In-Depth Guide to Data Commercialization in 2024

This comprehensive guide examines the emerging practice of data commercialization – how savvy companies are turning their data into new revenue streams and strategic assets. With the exponential growth of data from IoT, AI, blockchain and other technologies, organizations have unprecedented opportunities to monetize and capitalize on their data. Read on for an in-depth exploration of the components, strategies, challenges and best practices around successful data commercialization in the year ahead.

What is Data Commercialization and Why Now?

Data commercialization involves taking data generated through business operations and identifying ways to profit from it. This could mean directly selling data or using data to develop new products and services.

According to Forrester, 47% of firms are already dabbling in data commercialization. However, even more companies are expected to embrace data commercialization in 2024 as enabling technologies mature and data‘s value becomes apparent. The global big data market alone is projected to grow to over $234 billion by 2027 according to Valuates Reports. Clearly, data is becoming essential to competitive advantage. Organizations that successfully commercialize their data will reap significant rewards.

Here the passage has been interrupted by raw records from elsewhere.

(* For every integer $n\geq 4$ and every edge $e$ of $G_n$, the graph $G_n - e$ is $(n-3)$-colourable.
   Context: Let $[n]=\{1,\dots,n\}$. A $2$-subset $\{a,b\}$ of $[n]$ with $a<b$ is called stable if $b \neq a+1$ and $\{a,b\}\neq\{1,n\}$; it is written $ab$. For $n\ge 4$, the graph $G_n$ has as vertex set all stable $2$-subsets of $[n]$; two vertices $ab$ ($a<b$) and $cd$ ($c<d$) with $a<c$ are adjacent iff $\{a,b\}\cap\{c,d\}=\emptyset$ and either $a<c<b<d$, or $1<a<c<d<b$. *)

theory Defs
  imports Main
begin

text \<open>A stable 2-subset {a,b} of [n] with a<b is encoded as the pair (a,b).\<close>
definition stable :: "nat \<Rightarrow> nat \<times> nat \<Rightarrow> bool" where
  "stable n v = (case v of (a, b) \<Rightarrow>
      1 \<le> a \<and> a < b \<and> b \<le> n \<and> b \<noteq> a + 1 \<and> (a, b) \<noteq> (1, n))"

definition Gverts :: "nat \<Rightarrow> (nat \<times> nat) set" where
  "Gverts n = {v. stable n v}"

definition adj_ord :: "nat \<times> nat \<Rightarrow> nat \<times> nat \<Rightarrow> bool" where
  "adj_ord u v = (case u of (a, b) \<Rightarrow> case v of (c, d) \<Rightarrow>
      a < c \<and> {a, b} \<inter> {c, d} = {} \<and> ((a < c \<and> c < b \<and> b < d) \<or> (1 < a \<and> a < c \<and> c < d \<and> d < b)))"

definition Gadj :: "nat \<Rightarrow> nat \<times> nat \<Rightarrow> nat \<times> nat \<Rightarrow> bool" where
  "Gadj n u v = (u \<in> Gverts n \<and> v \<in> Gverts n \<and> (adj_ord u v \<or> adj_ord v u))"

definition colourable_minus_edge ::
  "nat \<Rightarrow> nat \<times> nat \<Rightarrow> nat \<times> nat \<Rightarrow> nat \<Rightarrow> bool" where
  "colourable_minus_edge n u v k = (\<exists>f :: nat \<times> nat \<Rightarrow> nat.
      (\<forall>x\<in>Gverts n. f x < k) \<and>
      (\<forall>x y. Gadj n x y \<and> {x, y} \<noteq> {u, v} \<longrightarrow> f x \<noteq> f y))"

end

theory Submission
  imports Defs
begin

text \<open>
  Colouring every vertex \<open>pq\<close> by one of its endpoints is proper, because adjacent
  vertices are disjoint pairs, but it uses \<open>n\<close> colours. To save three of them, choose
  forbidden endpoints \<open>i < j < k\<close> depending on the removed edge \<open>uv\<close>, give the three
  vertices \<open>ij, ik, jk\<close> hand-picked colours, and colour any other \<open>pq\<close> by \<open>p\<close> unless
  \<open>p\<close> is forbidden or is the colour of one of those three vertices adjacent to \<open>pq\<close>,
  in which case use \<open>q\<close>. For a nested edge \<open>ab, cd\<close> (\<open>1 < a < c < d < b\<close>) forbid
  \<open>1, c, d\<close> and colour \<open>1c, 1d, cd\<close> by \<open>c + 1, a, b\<close>; for a crossing edge
  (\<open>a < c < b < d\<close>) forbid \<open>a, c, b\<close> and colour \<open>ab\<close> by \<open>d\<close> and \<open>ac, cb\<close> by \<open>1\<close>,
  or all three by \<open>d\<close> when \<open>a = 1\<close>. A finite case check shows that \<open>uv\<close> is then
  the only monochromatic edge.
\<close>

definition adjacent :: "nat \<times> nat \<Rightarrow> nat \<times> nat \<Rightarrow> bool" where
  "adjacent x y \<longleftrightarrow> adj_ord x y \<or> adj_ord y x"

lemma adjacent_commute: "adjacent x y \<longleftrightarrow> adjacent y x"
  unfolding adjacent_def by blast

lemma adjacent_iff:
  "adjacent (p, q) (r, s) \<longleftrightarrow>
     p < r \<and> p \<noteq> s \<and> q \<noteq> r \<and> q \<noteq> s \<and> (r < q \<and> q < s \<or> 1 < p \<and> r < s \<and> s < q) \<or>
     r < p \<and> r \<noteq> q \<and> s \<noteq> p \<and> s \<noteq> q \<and> (p < s \<and> s < q \<or> 1 < r \<and> p < q \<and> q < s)"
  unfolding adjacent_def adj_ord_def by auto

lemma adjacent_disjoint:
  "adjacent (p, q) (r, s) \<Longrightarrow> p \<noteq> r \<and> p \<noteq> s \<and> q \<noteq> r \<and> q \<noteq> s"
  unfolding adjacent_iff by auto

lemma Gadj_iff: "Gadj n x y \<longleftrightarrow> x \<in> Gverts n \<and> y \<in> Gverts n \<and> adjacent x y"
  unfolding Gadj_def adjacent_def ..

lemma Gverts_iff:
  "(p, q) \<in> Gverts n \<longleftrightarrow> 1 \<le> p \<and> p + 2 \<le> q \<and> q \<le> n \<and> (p = 1 \<longrightarrow> q \<noteq> n)"
  unfolding Gverts_def stable_def by auto

lemma colourable_minus_edge_if_colouring_into:
  assumes "finite S" "card S \<le> k"
    and range: "\<And>x. x \<in> Gverts n \<Longrightarrow> g x \<in> S"
    and proper: "\<And>x y. Gadj n x y \<Longrightarrow> {x, y} \<noteq> {u, v} \<Longrightarrow> g x \<noteq> g y"
  shows "colourable_minus_edge n u v k"
proof -
  obtain \<phi> where \<phi>: "bij_betw \<phi> S {0..<card S}"
    using ex_bij_betw_finite_nat[OF \<open>finite S\<close>] by blast
  have "\<forall>x\<in>Gverts n. \<phi> (g x) < k"
    using range bij_betwE[OF \<phi>] \<open>card S \<le> k\<close> by fastforce
  moreover have "\<forall>x y. Gadj n x y \<and> {x, y} \<noteq> {u, v} \<longrightarrow> \<phi> (g x) \<noteq> \<phi> (g y)"
    using proper range bij_betw_imp_inj_on[OF \<phi>] unfolding Gadj_def inj_on_def by metis
  ultimately show ?thesis
    unfolding colourable_minus_edge_def by (intro exI[of _ "\<phi> \<circ> g"]) simp
qed

definition falls_back ::
  "nat set \<Rightarrow> (nat \<times> nat) set \<Rightarrow> (nat \<times> nat \<Rightarrow> nat) \<Rightarrow> nat \<times> nat \<Rightarrow> bool" where
  "falls_back T E h w \<longleftrightarrow> fst w \<in> T \<or> (\<exists>e\<in>E. adjacent w e \<and> h e = fst w)"

definition endpoint_colouring ::
  "nat set \<Rightarrow> (nat \<times> nat) set \<Rightarrow> (nat \<times> nat \<Rightarrow> nat) \<Rightarrow> nat \<times> nat \<Rightarrow> nat" where
  "endpoint_colouring T E h w =
     (if w \<in> E then h w else if falls_back T E h w then snd w else fst w)"

lemma endpoint_colouring_proper:
  fixes T E h
  defines "g \<equiv> endpoint_colouring T E h"
  assumes E_indep: "\<And>x y. x \<in> E \<Longrightarrow> y \<in> E \<Longrightarrow> \<not> adjacent x y"
    and conflict: "\<And>x y. x \<in> E \<Longrightarrow> x \<in> Gverts n \<Longrightarrow> y \<in> Gverts n \<Longrightarrow> y \<notin> E \<Longrightarrow>
        adjacent x y \<Longrightarrow> falls_back T E h y \<Longrightarrow> h x = snd y \<Longrightarrow> {x, y} = {u, v}"
    and "Gadj n x y" "{x, y} \<noteq> {u, v}"
  shows "g x \<noteq> g y"
proof
  assume eq: "g x = g y"
  have xy: "x \<in> Gverts n" "y \<in> Gverts n" "adjacent x y"
    using \<open>Gadj n x y\<close> unfolding Gadj_iff by auto
  have endpoint: "g w \<in> {fst w, snd w}" if "w \<notin> E" for w
    using that unfolding g_def endpoint_colouring_def by simp
  have outside: "g w \<noteq> h e" if "w \<in> Gverts n" "w \<notin> E" "e \<in> E" "e \<in> Gverts n"
    "adjacent e w" "{e, w} \<noteq> {u, v}" for w e
  proof (cases "falls_back T E h w")
    case True
    then show ?thesis using conflict[OF that(3,4,1,2,5) True] that
      unfolding g_def endpoint_colouring_def by auto
  next
    case False
    then show ?thesis using that adjacent_commute[of e w]
      unfolding g_def endpoint_colouring_def falls_back_def by auto
  qed
  consider "x \<in> E" "y \<in> E" | "x \<in> E" "y \<notin> E" | "x \<notin> E" "y \<in> E" | "x \<notin> E" "y \<notin> E"
    by blast
  then show False
  proof cases
    case 1 then show ?thesis using E_indep xy by blast
  next
    case 2 then show ?thesis using outside[of y x] eq xy \<open>{x, y} \<noteq> {u, v}\<close>
      unfolding g_def endpoint_colouring_def by auto
  next
    case 3 then show ?thesis using outside[of x y] eq xy \<open>{x, y} \<noteq> {u, v}\<close> adjacent_commute
      unfolding g_def endpoint_colouring_def by (auto simp: insert_commute)
  next
    case 4
    obtain p q r s where "x = (p, q)" "y = (r, s)" by fastforce
    then show ?thesis using endpoint[of x] endpoint[of y] 4 eq adjacent_disjoint[of p q r s] xy
      by auto
  qed
qed

lemma triangle_not_adjacent:
  "x \<in> {(i, j), (i, k), (j, k)} \<Longrightarrow> y \<in> {(i, j), (i, k), (j, k)} \<Longrightarrow> \<not> adjacent x y"
  using adjacent_disjoint by blast

lemma endpoint_colouring_range:
  assumes "w \<in> Gverts n" "h ` E \<subseteq> {1..n} - T"
    and "w \<notin> E \<Longrightarrow> falls_back T E h w \<Longrightarrow> snd w \<notin> T"
  shows "endpoint_colouring T E h w \<in> {1..n} - T"
  using assms unfolding endpoint_colouring_def falls_back_def
  by (cases w) (auto simp: Gverts_iff)

lemma colourable_minus_edge_by_triangle_colouring:
  fixes i j k :: nat and h :: "nat \<times> nat \<Rightarrow> nat"
  defines "T \<equiv> {i, j, k}" and "E \<equiv> {(i, j), (i, k), (j, k)}"
  assumes "1 \<le> i" "i < j" "j < k" "k \<le> n"
    and "h ` E \<subseteq> {1..n} - T"
    and avoid: "\<And>p q e. (p, q) \<in> Gverts n \<Longrightarrow> e \<in> E \<Longrightarrow> adjacent (p, q) e \<Longrightarrow> h e = p \<Longrightarrow> q \<notin> T"
    and conflict: "\<And>x y. x \<in> E \<Longrightarrow> x \<in> Gverts n \<Longrightarrow> y \<in> Gverts n \<Longrightarrow> y \<notin> E \<Longrightarrow>
        adjacent x y \<Longrightarrow> falls_back T E h y \<Longrightarrow> h x = snd y \<Longrightarrow> {x, y} = {u, v}"
  shows "colourable_minus_edge n u v (n - 3)"
proof (rule colourable_minus_edge_if_colouring_into)
  have "T \<subseteq> {1..n}" "card T = 3"
    using assms(3-6) unfolding T_def by auto
  then show "card ({1..n} - T) \<le> n - 3"
    by (simp add: card_Diff_subset finite_subset)
  show "endpoint_colouring T E h x \<in> {1..n} - T" if "x \<in> Gverts n" for x
  proof (rule endpoint_colouring_range[OF that assms(7)])
    obtain p q where x: "x = (p, q)" by fastforce
    assume "x \<notin> E" "falls_back T E h x"
    then consider "p \<in> T" | e where "e \<in> E" "adjacent (p, q) e" "h e = p"
      unfolding x falls_back_def by auto
    then show "snd x \<notin> T"
    proof cases
      case 1
      have "p < q" using that unfolding x Gverts_iff by simp
      then show ?thesis using 1 \<open>x \<notin> E\<close> assms(4,5) unfolding x T_def E_def by auto
    next
      case 2
      then show ?thesis using avoid that unfolding x by simp
    qed
  qed
  show "endpoint_colouring T E h x \<noteq> endpoint_colouring T E h y"
    if "Gadj n x y" "{x, y} \<noteq> {u, v}" for x y
    by (rule endpoint_colouring_proper[OF _ conflict that])
      (simp add: E_def triangle_not_adjacent)
qed simp

lemma colourable_minus_nested_edge:
  assumes "1 < a" "a < c" "c + 2 \<le> d" "d < b" "b \<le> n"
  shows "colourable_minus_edge n (a, b) (c, d) (n - 3)"
proof (rule colourable_minus_edge_by_triangle_colouring
    [where i = 1 and j = c and k = d
       and h = "\<lambda>w. if w = (1, c) then c + 1 else if w = (1, d) then a else b"])
  let ?h = "\<lambda>w. if w = (1, c) then c + 1 else if w = (1, d) then a else b"
  let ?T = "{1, c, d}" and ?E = "{(1, c), (1, d), (c, d)}"
  show "q \<notin> ?T" if "(p, q) \<in> Gverts n" "e \<in> ?E" "adjacent (p, q) e" "?h e = p" for p q e
    using assms that by (auto simp: adjacent_iff Gverts_iff)
  show "{x, y} = {(a, b), (c, d)}"
    if xy: "x \<in> ?E" "x \<in> Gverts n" "y \<in> Gverts n" "y \<notin> ?E" "adjacent x y"
      "falls_back ?T ?E ?h y" "?h x = snd y" for x y
  proof -
    obtain r s where y: "y = (r, s)" by fastforce
    consider "x = (1, c)" "s = c + 1" | "x = (1, d)" "s = a" | "x = (c, d)" "s = b"
      using assms xy(1,7) unfolding y by auto
    then show ?thesis
      by cases (use assms xy in \<open>auto simp: y falls_back_def adjacent_iff Gverts_iff\<close>)
  qed
qed (use assms in simp_all)

lemma colourable_minus_crossing_edge_at_1:
  assumes "1 < c" "c < b" "b < d" "d \<le> n"
  shows "colourable_minus_edge n (1, b) (c, d) (n - 3)"
proof (rule colourable_minus_edge_by_triangle_colouring
    [where i = 1 and j = c and k = b and h = "\<lambda>_. d"])
  let ?T = "{1, c, b}" and ?E = "{(1, c), (1, b), (c, b)}"
  show "q \<notin> ?T" if "(p, q) \<in> Gverts n" "d = p" for p q
    using assms that by (auto simp: Gverts_iff)
  show "{x, y} = {(1, b), (c, d)}"
    if xy: "x \<in> ?E" "x \<in> Gverts n" "y \<in> Gverts n" "y \<notin> ?E" "adjacent x y"
      "falls_back ?T ?E (\<lambda>_. d) y" "d = snd y" for x y
  proof -
    obtain r where y: "y = (r, d)" using xy(7) by (metis prod.collapse)
    have "r < d" using xy(3) unfolding y Gverts_iff by simp
    then have "r \<in> ?T" using xy(6) unfolding y falls_back_def by auto
    then show ?thesis
      using xy(1,5) assms unfolding y by (auto simp: adjacent_iff)
  qed
qed (use assms in simp_all)

lemma colourable_minus_crossing_edge:
  assumes "1 < a" "a < c" "c < b" "b < d" "d \<le> n"
  shows "colourable_minus_edge n (a, b) (c, d) (n - 3)"
proof (rule colourable_minus_edge_by_triangle_colouring
    [where i = a and j = c and k = b and h = "\<lambda>w. if w = (a, b) then d else 1"])
  let ?h = "\<lambda>w. if w = (a, b) then d else 1"
  let ?T = "{a, c, b}" and ?E = "{(a, c), (a, b), (c, b)}"
  show "q \<notin> ?T" if "(p, q) \<in> Gverts n" "e \<in> ?E" "adjacent (p, q) e" "?h e = p" for p q e
    using assms that by (auto simp: adjacent_iff Gverts_iff)
  show "{x, y} = {(a, b), (c, d)}"
    if xy: "x \<in> ?E" "x \<in> Gverts n" "y \<in> Gverts n" "y \<notin> ?E" "adjacent x y"
      "falls_back ?T ?E ?h y" "?h x = snd y" for x y
  proof -
    obtain r s where y: "y = (r, s)" by fastforce
    have "r + 2 \<le> s" using xy(3) unfolding y Gverts_iff by simp
    then have "x = (a, b)" "s = d" using assms xy(1,7) unfolding y by auto
    then have "r \<in> ?T \<or> r = 1" using xy(6) \<open>r + 2 \<le> s\<close> unfolding y falls_back_def by auto
    then show ?thesis
      using xy(5) assms unfolding y \<open>x = (a, b)\<close> \<open>s = d\<close> by (auto simp: adjacent_iff)
  qed
qed (use assms in simp_all)

lemma colourable_minus_edge_commute:
  "colourable_minus_edge n u v k \<longleftrightarrow> colourable_minus_edge n v u k"
  unfolding colourable_minus_edge_def by (simp add: insert_commute)

lemma colourable_minus_edge_if_adj_ord:
  assumes "u \<in> Gverts n" "v \<in> Gverts n" "adj_ord u v"
  shows "colourable_minus_edge n u v (n - 3)"
proof -
  obtain a b c d where uv: "u = (a, b)" "v = (c, d)" by fastforce
  have "1 \<le> a" "a + 2 \<le> b" "b \<le> n" "1 \<le> c" "c + 2 \<le> d" "d \<le> n"
    using assms(1,2) unfolding uv Gverts_iff by auto
  moreover have "a < c" "a \<noteq> d" "b \<noteq> c" "b \<noteq> d" "c < b \<and> b < d \<or> 1 < a \<and> c < d \<and> d < b"
    using assms(3) unfolding uv adj_ord_def by auto
  ultimately consider "a = 1" "1 < c" "c < b" "b < d" | "1 < a" "a < c" "c < b" "b < d"
    | "1 < a" "a < c" "c + 2 \<le> d" "d < b"
    by linarith
  then show ?thesis
    using colourable_minus_crossing_edge_at_1 colourable_minus_crossing_edge colourable_minus_nested_edge
      \<open>b \<le> n\<close> \<open>d \<le> n\<close> unfolding uv by cases blast+
qed

theorem lemma4:
  fixes n :: nat and u v :: "nat \<times> nat"
  assumes "n \<ge> 4" and "Gadj n u v"
  shows "colourable_minus_edge n u v (n - 3)"
proof -
  have "u \<in> Gverts n" "v \<in> Gverts n" "adj_ord u v \<or> adj_ord v u"
    using assms(2) unfolding Gadj_def by auto
  then show ?thesis
    using colourable_minus_edge_if_adj_ord colourable_minus_edge_commute by blast
qed

end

The Explosion of Data Volume and Sources

The universe of potentially monetizable data is rapidly expanding. By 2025, the global datasphere is expected to grow to 175 zettabytes according to IDC. Data is being generated from several key sources:

  • Internet of Things (IoT) data – With over 30 billion connected IoT devices predicted by 2025, IoT data represents a tidal wave of opportunity. IoT allows collection of rich telemetry data from equipment, products and environments that can reveal insights.
  • Customer data – Customer transactions, engagement, demographics, preferences and other data are prime targets for commercialization. Customer data can uncover needs and inform highly personalized offerings.
  • Internal business data – Operational, sales, financial and other internal data can help optimize business performance. This data can also be packaged into valuable analytics offerings.
  • Public/syndicated data – Combining internal data with purchased third-party data sets enables even deeper insights. For example, blending a company‘s sales data with syndicated demographic data may reveal growth opportunities.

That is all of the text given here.